Dear Keary, Kjell & All:
Yes indeed. I had been following this thread but wasn’t entirely sure I understood the question, but now. So here goes:
I have about 100 small Cappuccino programs running there, with ≈2000 visitors daily, and organised as follows:
• only »jake release« is used, not deploy, so no cappuccino libraries are embedded
• the usual Cappuccino »index.html« is referenced in an iFrame
• said index.html has ONE important line, which I show here in context
==============
<!-- Custom javascript goes here -->
<!-- End custom javascript -->
<script type="text/javascript">
OBJJ_INCLUDE_PATHS = ["../../-misc/cappuccino/Frameworks"];
OBJJ_MAIN_FILE = "main.j";
==============
so the »OBJJ_INCLUDE_PATHS« is used to point to the folder where all Cappuccino stuff lives.

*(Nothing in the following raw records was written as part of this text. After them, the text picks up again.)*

lemma pareto_threshold:
  assumes P: "is_pareto M X a xm" and a: "a > 1" and q: "0 < q" "q < 1"
  shows "exc_threshold M X q = xm * q powr (-1/a)"
    and "measure M {w\<in>space M. xm * q powr (-1/a) < X w} = q"
proof -
  have xm: "xm > 0" using pareto_scale_pos[OF P] .
  define h0 where "h0 = xm * q powr (-1/a)"
  have "1 powr (-1/a) \<le> q powr (-1/a)"
    using q a by (intro powr_mono2') auto
  then have h0_ge: "xm \<le> h0" using xm unfolding h0_def by simp
  have "(h0 / xm) powr (-a) = q"
    using xm q a unfolding h0_def by (simp add: powr_powr)
  then have tail_h0: "measure M {w\<in>space M. h0 < X w} = q"
    using P h0_ge by (simp add: is_pareto_def)
  have tail_le: "measure M {w\<in>space M. h < X w} \<le> q \<longleftrightarrow> h0 \<le> h" if "xm < h" for h
  proof -
    have "(h / xm) powr (-a) \<le> (h0 / xm) powr (-a) \<longleftrightarrow> h0 \<le> h"
    proof
      assume le: "(h / xm) powr (-a) \<le> (h0 / xm) powr (-a)"
      show "h0 \<le> h"
      proof (rule ccontr)
        assume "\<not> h0 \<le> h"
        then have "(h0 / xm) powr (-a) < (h / xm) powr (-a)"
          using xm a that by (intro powr_less_mono2_neg) (auto simp: divide_strict_right_mono)
        with le show False by simp
      qed
    next
      assume "h0 \<le> h"
      then show "(h / xm) powr (-a) \<le> (h0 / xm) powr (-a)"
        using xm a h0_ge by (intro powr_mono2') (auto simp: divide_right_mono)
    qed
    then show ?thesis
      using P that \<open>(h0 / xm) powr (-a) = q\<close> by (simp add: is_pareto_def)
  qed
  have "{h. 0 \<le> h \<and> measure M {w \<in> space M. X w > h} \<le> q} = {h0..}"
  proof (intro set_eqI iffI)
    fix h assume "h \<in> {h. 0 \<le> h \<and> measure M {w \<in> space M. X w > h} \<le> q}"
    then have "xm < h" and "measure M {w\<in>space M. h < X w} \<le> q"
      using pareto_tail_below[OF P, of h] q by (auto simp: not_le[symmetric])
    then show "h \<in> {h0..}" using tail_le by simp
  next
    fix h assume "h \<in> {h0..}"
    then show "h \<in> {h. 0 \<le> h \<and> measure M {w \<in> space M. X w > h} \<le> q}"
      using tail_le[of h] tail_h0 h0_ge xm by (cases "h = h0") auto
  qed
  then show "exc_threshold M X q = xm * q powr (-1/a)"
    unfolding exc_threshold_def h0_def[symmetric] by simp
  show "measure M {w\<in>space M. xm * q powr (-1/a) < X w} = q"
    using tail_h0 unfolding h0_def .
qed

lemma pareto_qcontrib:
  assumes P: "is_pareto M X a xm" and a: "a > 1" and q: "0 < q" "q < 1"
  shows "qcontrib M X q = q powr ((a - 1) / a)"
proof -
  have xm: "xm > 0" using pareto_scale_pos[OF P] .
  define r where "r = q powr (-1/a)"
  have r: "0 < r" "1 \<le> r" using q a powr_mono2'[of "-1/a" q 1] unfolding r_def by auto
  have "qcontrib M X q = (a / (a - 1) * xm powr a * (xm * r) powr (1 - a)) / (a * xm / (a - 1))"
    unfolding qcontrib_def pareto_threshold(1)[OF P a q] pareto_mean[OF P a] r_def[symmetric]
    using xm r by (simp add: pareto_trunc_integral[OF P a])
  also have "\<dots> = r powr (1 - a)"
    using xm r a by (simp add: powr_mult powr_diff field_simps)
  also have "\<dots> = q powr (-1/a * (1 - a))"
    unfolding r_def by (rule powr_powr)
  also have "-1/a * (1 - a) = (a - 1) / a"
    using a by (simp add: field_simps)
  finally show ?thesis .
qed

• The site is arranged like so
-<-misc>/cappuccino/Frameworks/ <AppKit, Foundation, … own classes>
|
-<item1>/capp/index.html <here also release stuff, like <Browser.environment, Res…, …>
|
-<item2>/capp/index.html <here also release stuff, like <Browser.environment, Res…, …>
|
…
|
-<item99>/capp/index.html <here also release stuff, like <Browser.environment, Res…, …>
• All in all: “released” stuff runs at same speed as “deployed”, and I have only one instance of all of Cappuccino’s frameworks, thus saving massively on download
• it speeds up enormously to enable GZIP, in Apache these two lines did the job for me
AddOutputFilter DEFLATE sj j cib js css
AddOutputFilter DEFLATE .obj
> I dunno if he uses other JavaScript libs together with Cappuccino though.
No. In a few cases I use P5 or threejs, but Cappuccino’s GUI is so much better. I have recently removed jQuery when switching to Jekyll, and through the help of Jekyll nearly all of JavaScript was replaced by Liquid, speeding up rendering.
Enjoy, best, Michael
PS: I'm really lookin forward to Aristo 3, and thank everyone being so hard at work on this.
--
Prof. Michael Bach PhD, Eye Center, University of Freiburg, Germany.